The willingness of Trump and his administration to plunge ahead anyway with a barbaric tactic is primarily a reflection of their moral emptiness. Homeland Security Secretary Kirstjen Nielsen reportedly opposed it in private, yet energetically obfuscated on its behalf in public. Why didn’t she resign in protest? Why hasn’t anybody?
The reversal also demonstrates the comprehensive failure of Trump’s immigration agenda. Trump is facing the inevitable dilemma of a populist leader: He was elected promising easy solutions, and is discovering none exist.
Trump’s internal assessment is, if anything, even more grim. “Over the past few months, Trump has called Nielsen and [Attorney General Jeff] Sessions to account as the number of immigrants flooding across the southern border has spiked. Arrests on the border nearly tripled year-over-year, rising to 40,344 this past May from 14,519 in May 2017,” reports Politico.
He subjected Nielsen to a tirade six weeks ago that lasted an incredible 30 minutes, and concerned the comprehensive failure of their efforts to control the border. Trump settled on family separation after every other method at his disposal collapsed. On the central policy promise he made, Trump is a flop, and he knows it.

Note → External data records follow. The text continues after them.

lemma psd_splitting_of_identity:
  assumes "psd P" "hermitian H"
  obtains N where "N > 0"
    and "psd ((1 / (2 * N)) *\<^sub>R P)"
    and "psd ((1 / (4 * N)) *\<^sub>R (H + N *\<^sub>R mat 1))"
    and "psd (mat 1 - (1 / (2 * N)) *\<^sub>R P - (1 / (4 * N)) *\<^sub>R (H + N *\<^sub>R mat 1))"
proof -
  obtain KP where "KP > 0" and KP: "\<And>x. \<bar>qform P x\<bar> \<le> KP * (norm x)\<^sup>2"
    using qform_bounded by blast
  obtain KH where "KH > 0" and KH: "\<And>x. \<bar>qform H x\<bar> \<le> KH * (norm x)\<^sup>2"
    using qform_bounded by blast
  define N where "N = KP + KH"
  have "N > 0"
    using \<open>KP > 0\<close> \<open>KH > 0\<close> by (simp add: N_def)
  have KP_KH: "0 \<le> KP * (norm x)\<^sup>2" "0 \<le> KH * (norm x)\<^sup>2" for x
    using \<open>KP > 0\<close> \<open>KH > 0\<close> by simp_all
  have P_le: "qform P x \<le> N * (norm x)\<^sup>2" for x
    unfolding N_def distrib_right using abs_le_D1[OF KP[of x]] KP_KH[of x] by linarith
  have H_le: "\<bar>qform H x\<bar> \<le> N * (norm x)\<^sup>2" for x
    unfolding N_def distrib_right using KH[of x] KP_KH[of x] by linarith
  have herm: "hermitian (H + N *\<^sub>R mat 1)"
    using assms by (simp add: hermitian_add hermitian_scaleR hermitian_mat_one)
  have "psd ((1 / (2 * N)) *\<^sub>R P)"
    using assms \<open>N > 0\<close> by (simp add: psd_scaleR)
  moreover have "psd ((1 / (4 * N)) *\<^sub>R (H + N *\<^sub>R mat 1))"
  proof (rule psd_scaleR)
    have "0 \<le> qform H x + N * (norm x)\<^sup>2" for x
      using abs_le_D2[OF H_le[of x]] by linarith
    then show "psd (H + N *\<^sub>R mat 1)"
      using herm by (simp add: psd_iff_qform qform_add qform_scaleR qform_mat_one)
  qed (use \<open>N > 0\<close> in simp)
  moreover have "psd (mat 1 - (1 / (2 * N)) *\<^sub>R P - (1 / (4 * N)) *\<^sub>R (H + N *\<^sub>R mat 1))"
  proof -
    have "(qform H x + N * (norm x)\<^sup>2) / (4 * N) \<le> (norm x)\<^sup>2 - qform P x / (2 * N)" for x
    proof -
      have "qform P x / (2 * N) \<le> N * (norm x)\<^sup>2 / (2 * N)"
        using P_le[of x] \<open>N > 0\<close> by (intro divide_right_mono) auto
      also have "\<dots> = (norm x)\<^sup>2 / 2"
        using \<open>N > 0\<close> by simp
      moreover have "(qform H x + N * (norm x)\<^sup>2) / (4 * N) \<le> 2 * N * (norm x)\<^sup>2 / (4 * N)"
        using abs_le_D1[OF H_le[of x]] \<open>N > 0\<close> by (intro divide_right_mono) auto
      moreover have "2 * N * (norm x)\<^sup>2 / (4 * N) = (norm x)\<^sup>2 / 2"
        using \<open>N > 0\<close> by simp
      ultimately show ?thesis
        by linarith
    qed
    moreover have "hermitian P"
      using assms by (simp add: psd_iff_qform)
    ultimately show ?thesis
      using herm by (simp add: psd_iff_qform qform_diff qform_add qform_scaleR qform_mat_one
          hermitian_diff hermitian_scaleR hermitian_mat_one)
  qed
  ultimately show ?thesis
    using \<open>N > 0\<close> that by blast
qed
lemma digits_eqI:
  assumes "\<forall>i<s. d i < length es" "\<forall>i\<ge>s. d i = 0" "r = (\<Sum>i<s. es ! d i * gam ^ i)"
  shows "digits es gam s r = d"
  unfolding digits_def
proof (rule the_equality)
  show "(\<forall>i<s. d i < length es) \<and> (\<forall>i\<ge>s. d i = 0) \<and> r = (\<Sum>i<s. es ! d i * gam ^ i)"
    using assms by blast
next
  fix d' assume d': "(\<forall>i<s. d' i < length es) \<and> (\<forall>i\<ge>s. d' i = 0) \<and> r = (\<Sum>i<s. es ! d' i * gam ^ i)"
  have "map d' [0..<s] = map d [0..<s]"
    using bij_betw_imp_inj_on[OF bij_adic_eval]
    by (rule inj_onD) (use assms d' in \<open>auto simp: adic_eval_eq_sum digit_lists_def\<close>)
  then have "d' i = d i" for i
    using assms d' by (cases "i < s") (auto simp: map_eq_conv)
  then show "d' = d" ..
qed

lemma
  shows digits_expansion: "r = (\<Sum>i<s. es ! digits es gam s r i * gam ^ i)"
    and digits_eq_0_if_ge: "s \<le> i \<Longrightarrow> digits es gam s r i = 0"
proof -
  obtain xs where xs: "xs \<in> digit_lists es s" "adic_eval es gam xs = r"
    using bij_betw_imp_surj_on[OF bij_adic_eval] by (metis UNIV_I imageE)
  define d where "d i = (if i < s then xs ! i else 0)" for i
  have "digits es gam s r = d"
    by (rule digits_eqI) (use xs in \<open>auto simp: d_def adic_eval_eq_sum digit_lists_def nth_digit_lists_less\<close>)
  then show "r = (\<Sum>i<s. es ! digits es gam s r i * gam ^ i)"
    and "s \<le> i \<Longrightarrow> digits es gam s r i = 0"
    using xs by (auto simp: d_def adic_eval_eq_sum digit_lists_def nth_digit_lists_less)
qed

lemma digits_inj: "digits es gam s x = digits es gam s y \<Longrightarrow> x = y"
  by (metis digits_expansion)

lemma digits_zero: "digits es gam s 0 = (\<lambda>_. 0)"
  by (rule digits_eqI) (use two_le_length_es one_le_s in \<open>auto simp: es_0\<close>)

lemma digits_one: "digits es gam s 1 = (\<lambda>i. if i = 0 then 1 else 0)"
proof (rule digits_eqI)
  have "(\<Sum>i<s. es ! (if i = 0 then 1 else 0) * gam ^ i) = (\<Sum>i<s. if i = 0 then 1 else 0)"
    by (intro sum.cong) (simp_all add: es_0 es_1[unfolded One_nat_def])
  then show "1 = (\<Sum>i<s. es ! (if i = 0 then 1 else 0) * gam ^ i)"
    using one_le_s by simp
qed (use two_le_length_es one_le_s in auto)

abbreviation prec (infix "\<prec>" 50) where
  "x \<prec> y \<equiv> chain_less es gam s x y"

lemma chain_less_linear:
  assumes "x \<noteq> y"
  shows "x \<prec> y \<or> y \<prec> x"
proof -
  let ?dx = "digits es gam s x" and ?dy = "digits es gam s y"
  define I where "I = {i. i < s \<and> ?dx i \<noteq> ?dy i}"
  have "I \<noteq> {}"
  proof
    assume "I = {}"
    then have "?dx i = ?dy i" for i
      using digits_eq_0_if_ge unfolding I_def by (cases "i < s") auto
    then show False
      using assms digits_inj by blast
  qed
  then have "Max I \<in> I"
    unfolding I_def by (intro Max_in) simp_all
  then have top: "Max I < s" "?dx (Max I) \<noteq> ?dy (Max I)"
    unfolding I_def by simp_all
  have above: "\<forall>j. Max I < j \<and> j < s \<longrightarrow> ?dx j = ?dy j"
    using Max_ge[of I] unfolding I_def by fastforce
  from top(2) consider "?dx (Max I) < ?dy (Max I)" | "?dy (Max I) < ?dx (Max I)"
    by linarith
  then show ?thesis
    using top(1) above unfolding chain_less_def by (cases; metis)
qed

lemma not_chain_less_zero: "\<not> x \<prec> 0"
  unfolding chain_less_def digits_zero by simp

lemma chain_less_one_imp_zero:
  assumes "x \<prec> 1"
  shows "x = 0"
proof -
  obtain i where i: "i < s" "digits es gam s x i < digits es gam s 1 i"
    and above: "\<forall>j. i < j \<and> j < s \<longrightarrow> digits es gam s x j = digits es gam s 1 j"
    using assms unfolding chain_less_def by blast
  have "i = 0" "digits es gam s x 0 = 0"
    using i unfolding digits_one by (auto split: if_splits)
  then have "digits es gam s x j = 0" for j
    using above digits_eq_0_if_ge unfolding digits_one
    by (cases "j = 0"; cases "j < s") auto
  then have "digits es gam s x = digits es gam s 0"
    unfolding digits_zero by blast
  then show ?thesis
    by (rule digits_inj)
qed

lemma zero_chain_less: "x \<noteq> 0 \<Longrightarrow> 0 \<prec> x"
  using chain_less_linear not_chain_less_zero by blast

lemma one_chain_less: "x \<noteq> 0 \<Longrightarrow> x \<noteq> 1 \<Longrightarrow> 1 \<prec> x"
  using chain_less_linear chain_less_one_imp_zero by blast

lemma rho_0: "rho es gam s 0 = 0"
  unfolding rho_def
proof (rule the_equality)
  show "card {x. x \<prec> 0} = 0"
    using not_chain_less_zero by simp
next
  fix r assume "card {x. x \<prec> r} = 0"
  then show "r = 0"
    using zero_chain_less by (metis card_0_eq empty_iff finite mem_Collect_eq)
qed

lemma rho_1: "rho es gam s 1 = 1"
  unfolding rho_def
proof (rule the_equality)
  have "{x. x \<prec> 1} = {0}"
    using chain_less_one_imp_zero zero_chain_less zero_ne_one by auto
  then show "card {x. x \<prec> 1} = 1"
    by simp
next
  fix r assume r: "card {x. x \<prec> r} = 1"
  show "r = 1"
  proof (rule ccontr)
    assume "r \<noteq> 1"
    moreover have "r \<noteq> 0"
      using r not_chain_less_zero by auto
    ultimately have "{0, 1} \<subseteq> {x. x \<prec> r}"
      using zero_chain_less one_chain_less by auto
    then have "card {0::'a, 1} \<le> card {x. x \<prec> r}"
      by (intro card_mono) simp_all
    then have "card {0::'a, 1} \<le> 1"
      using r by simp
    then show False
      using zero_ne_one by simp
  qed
qed

lemma length_rho_list: "length (rho_list es gam s) = length es ^ s"
  by (simp add: rho_list_def card_UNIV_eq)

lemma length_ideal_list: "length (ideal_list es gam s) = length es ^ (s - 1)"
  by (simp add: ideal_list_def card_gam_multiples)

lemma zero_one_in_rho_list: "0 \<in> set (rho_list es gam s)" "1 \<in> set (rho_list es gam s)"
proof -
  have "length es \<le> card (UNIV :: 'a set)"
    using card_UNIV_eq one_le_s two_le_length_es by (simp add: self_le_power)
  then have "1 < card (UNIV :: 'a set)"
    using two_le_length_es by linarith
  then have "rho_list es gam s ! 0 = 0" "rho_list es gam s ! 1 = 1" "1 < length (rho_list es gam s)"
    by (simp_all add: rho_list_def rho_0 rho_1[unfolded One_nat_def])
  then show "0 \<in> set (rho_list es gam s)" "1 \<in> set (rho_list es gam s)"
    by (metis nth_mem less_trans zero_less_one)+
qed

end

definition is_matrix :: "nat \<Rightarrow> nat \<Rightarrow> 'a list list \<Rightarrow> bool" where
  "is_matrix m n M \<longleftrightarrow> length M = m \<and> (\<forall>r\<in>set M. length r = n)"

definition has_column :: "'a list list \<Rightarrow> (nat \<Rightarrow> 'a) \<Rightarrow> bool" where
  "has_column M v \<longleftrightarrow> (\<exists>j < length (hd M). \<forall>i < length M. M ! i ! j = v i)"

lemma length_hd_if_is_matrix: "is_matrix m n M \<Longrightarrow> 0 < m \<Longrightarrow> length (hd M) = n"
  unfolding is_matrix_def by (metis hd_in_set length_greater_0_conv)

lemma length_hd_stack [simp]: "length (hd (stack c M)) = length (hd M)"
  by (simp add: stack_def)

lemma is_matrix_stack: "is_matrix m n M \<Longrightarrow> 0 < m \<Longrightarrow> is_matrix (Suc m) n (stack c M)"
  using length_hd_if_is_matrix[of m n M] unfolding is_matrix_def stack_def by auto

lemma has_column_stack:
  assumes "M \<noteq> []" "has_column M v"
  shows "has_column (stack c M) (case_nat c v)"
proof -
  obtain j where j: "j < length (hd M)" "\<forall>i < length M. M ! i ! j = v i"
    using assms(2) unfolding has_column_def by blast
  have "stack c M ! i ! j = case_nat c v i" if "i < length (stack c M)" for i
    using j that by (cases i) (auto simp: stack_def)
  with j(1) show ?thesis
    unfolding has_column_def by auto
qed

lemma length_hcat_row:
  assumes "\<forall>B\<in>set Bs. is_matrix m (length (hd B)) B" "i < m"
  shows "length (concat (map (\<lambda>B. B ! i) Bs)) = (\<Sum>B\<leftarrow>Bs. length (hd B))"
proof -
  have "length (B ! i) = length (hd B)" if "B \<in> set Bs" for B
    using assms that unfolding is_matrix_def by auto
  then show ?thesis
    by (simp add: length_concat comp_def cong: map_cong)
qed

lemma
  assumes "Bs \<noteq> []" "\<forall>B\<in>set Bs. is_matrix m (length (hd B)) B"
  shows length_hcat: "length (hcat Bs) = m"
    and nth_hcat: "i < m \<Longrightarrow> hcat Bs ! i = concat (map (\<lambda>B. B ! i) Bs)"
proof -
  have "length (hd Bs) = m"
    using assms by (simp add: is_matrix_def)
  then show "length (hcat Bs) = m" "i < m \<Longrightarrow> hcat Bs ! i = concat (map (\<lambda>B. B ! i) Bs)"
    by (simp_all add: hcat_def)
qed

The collapse revealed one more important thing: The power of mass revulsion. There are limits, after all, to what Trump can do without risking his patina of legitimacy as head of state. Outraged voters flooded Congress with calls, as they did to oppose the Republican plan to repeal Obamacare, and with the same success. Intense voter opposition matters.
It also matters when Laura Bush speaks out against him, and when Steve Schmidt resigns from the Republican party, and when American Airlines declares it won’t cooperate with the administration. It is a sign that the peripheral elements of Trump’s coalition have a breaking point, that while they can tolerate a great deal of sub-rosa venality, visceral outrages can create a dangerous reaction.
The damage of Trump’s horrific policy cannot be fully undone. But, in the face of his every instinct, Trump was forced to retreat. He didn’t want to look weak, but he does, because he is.


The resistance to Trump and Trumpism needs to continue and, if anything, intensify.  Giving Democrats control of the House of Representatives is the only guaranteed way to prevent future moral horros from being committed by a man who lacks any morals or decency.